Мюнхен по большей части считается чистым и мёртвым городом, но отсюда, по крайней мере, можно увидеть немного дерьма. Оно дожидается меня там, снаружи. Сюда ему нельзя!
Ангела — чистюля. Образцовая домохозяйка. Квартира просто вылизана, так и сияет чистотой. Одно время я пользовался здесь ванной. Но она запретила мне это, потому что ванна — её святыня.
Ангела будет излучать здоровье, даже если травить эту землю восемьдесят лет подряд. А то и больше. Любой водитель скорее врежется в дерево, чем раздавит это тело.
Она ненавидит меня, потому что я дерьмо.
В дерьме я кое-что смыслю, да. Об этом мне есть что сказать. Уплетая за обе щёки, я смотрю на дерьмо. Это одинарное стекло пролегает между нами крепостным рвом. Мусор. Отбросы. Грязь. Эти слова больше не наделены для меня зловещим смыслом. Я люблю его. Дерьмо.
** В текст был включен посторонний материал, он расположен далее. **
(* Assume the standing hypotheses (H). Let $A$ be a part of $G$ with $|A|=4$, and let $L_A$ be the set of colors $c$ such that $c\in L(u)\cap L(v)$ for some good pair $\{u,v\}$ for $A$. Then $|L_A|\ge k_3+k_4$.
   Context: A list assignment $L$ assigns to each vertex $v$ a set $L(v)$ of colors; an $L$-coloring is a proper coloring $f$ with $f(v)\in L(v)$ for all $v$; $\mathrm{ch}$ denotes choice number and $\chi$ chromatic number. A part of a complete multipartite graph is one of its maximal stable sets. Standing hypotheses (H): $k\ge1$ and $n\ge 2k+2$ are integers; $G$ is a complete $k$-partite graph (exactly $k$ nonempty parts) on $n$ vertices; $L$ is a list assignment for $G$ with $|L(v)|\ge\lceil (n+k-1)/3\rceil$ for every vertex $v$; $G$ has no $L$-coloring; $\left|\bigcup_{v\in V(G)}L(v)\right|\le n-1$; and every graph $H$ with fewer than $n$ vertices satisfies $\mathrm{ch}(H)\le\max\{\chi(H),\lceil(|V(H)|+\chi(H)-1)/3\rceil\}$. For $i\in\{1,2,3,4\}$, $k_i$ denotes the number of parts of $G$ of size $i$. For a part $A$ with $|A|\ge3$, a pair $\{u,v\}\subseteq A$ of distinct vertices is a good pair for $A$ if either $|A|=3$ and $|L(u)\cap L(v)|\ge\frac{k_1+k_4+1}{3}$, or $|A|=4$ and $|L(u)\cap L(v)|\ge|L(w)\cap L(z)|$ where $\{w,z\}=A\setminus\{u,v\}$. *)

theory Defs
  imports Complex_Main
begin

text \<open>Simple graphs are given by a finite vertex set and a symmetric, irreflexive
  edge relation (only edges between vertices of the vertex set matter).\<close>

definition simple_graph :: "'v set \<Rightarrow> ('v \<Rightarrow> 'v \<Rightarrow> bool) \<Rightarrow> bool" where
  "simple_graph V E \<longleftrightarrow> finite V \<and> (\<forall>u v. E u v \<longrightarrow> E v u) \<and> (\<forall>v. \<not> E v v)"

definition proper_coloring :: "'v set \<Rightarrow> ('v \<Rightarrow> 'v \<Rightarrow> bool) \<Rightarrow> ('v \<Rightarrow> 'c) \<Rightarrow> bool" where
  "proper_coloring V E f \<longleftrightarrow> (\<forall>u\<in>V. \<forall>v\<in>V. E u v \<longrightarrow> f u \<noteq> f v)"

definition L_coloring :: "'v set \<Rightarrow> ('v \<Rightarrow> 'v \<Rightarrow> bool) \<Rightarrow> ('v \<Rightarrow> 'c set) \<Rightarrow> ('v \<Rightarrow> 'c) \<Rightarrow> bool" where
  "L_coloring V E L f \<longleftrightarrow> proper_coloring V E f \<and> (\<forall>v\<in>V. f v \<in> L v)"

definition colorable :: "'v set \<Rightarrow> ('v \<Rightarrow> 'v \<Rightarrow> bool) \<Rightarrow> nat \<Rightarrow> bool" where
  "colorable V E k \<longleftrightarrow> (\<exists>f :: 'v \<Rightarrow> nat. proper_coloring V E f \<and> f ` V \<subseteq> {..<k})"

definition chromatic_number :: "'v set \<Rightarrow> ('v \<Rightarrow> 'v \<Rightarrow> bool) \<Rightarrow> nat" where
  "chromatic_number V E = (LEAST k. colorable V E k)"

text \<open>k-choosable: every assignment of (finite) lists of size at least k admits an
  L-coloring. Colors are natural numbers (no loss of generality for finite lists).\<close>
definition choosable :: "'v set \<Rightarrow> ('v \<Rightarrow> 'v \<Rightarrow> bool) \<Rightarrow> nat \<Rightarrow> bool" where
  "choosable V E k \<longleftrightarrow>
     (\<forall>L :: 'v \<Rightarrow> nat set. (\<forall>v\<in>V. finite (L v) \<and> card (L v) \<ge> k)
        \<longrightarrow> (\<exists>f. L_coloring V E L f))"

definition choice_number :: "'v set \<Rightarrow> ('v \<Rightarrow> 'v \<Rightarrow> bool) \<Rightarrow> nat" where
  "choice_number V E = (LEAST k. choosable V E k)"

text \<open>A complete multipartite graph given by its family of parts P:
  the vertex set is the union of P and two vertices are adjacent iff
  they lie in different parts.\<close>

definition partition_of :: "'a set set \<Rightarrow> 'a set \<Rightarrow> bool" where
  "partition_of P V \<longleftrightarrow> finite V \<and> \<Union>P = V \<and> {} \<notin> P \<and>
     (\<forall>X\<in>P. \<forall>Y\<in>P. X \<noteq> Y \<longrightarrow> X \<inter> Y = {})"

definition cmp_edge :: "'a set set \<Rightarrow> 'a \<Rightarrow> 'a \<Rightarrow> bool" where
  "cmp_edge P u v \<longleftrightarrow> u \<in> \<Union>P \<and> v \<in> \<Union>P \<and> \<not> (\<exists>X\<in>P. u \<in> X \<and> v \<in> X)"

definition num_parts :: "'a set set \<Rightarrow> nat \<Rightarrow> nat" where
  "num_parts P i = card {X\<in>P. card X = i}"

definition good_pair :: "'a set set \<Rightarrow> ('a \<Rightarrow> 'c set) \<Rightarrow> 'a set \<Rightarrow> 'a \<Rightarrow> 'a \<Rightarrow> bool" where
  "good_pair P L A u v \<longleftrightarrow> u \<in> A \<and> v \<in> A \<and> u \<noteq> v \<and>
     ((card A = 3 \<and> real (card (L u \<inter> L v)) \<ge> (real (num_parts P 1) + real (num_parts P 4) + 1) / 3)
      \<or> (card A = 4 \<and> (\<forall>w z. A - {u, v} = {w, z} \<longrightarrow> card (L u \<inter> L v) \<ge> card (L w \<inter> L z))))"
Оно — моё царство, там я правитель, там меня терпят, там я подолгу роюсь во флоре отбросов. Моё комическое, моё устрашающее царство.
Я не хочу жаловаться. Упаси Господь!
Если бы я хотел пожаловаться, я бы рассказал о зиме. Зимой мой характер меняется, а моя философия приобретает более жёсткие черты. Каждая жалоба имеет свойство сбываться.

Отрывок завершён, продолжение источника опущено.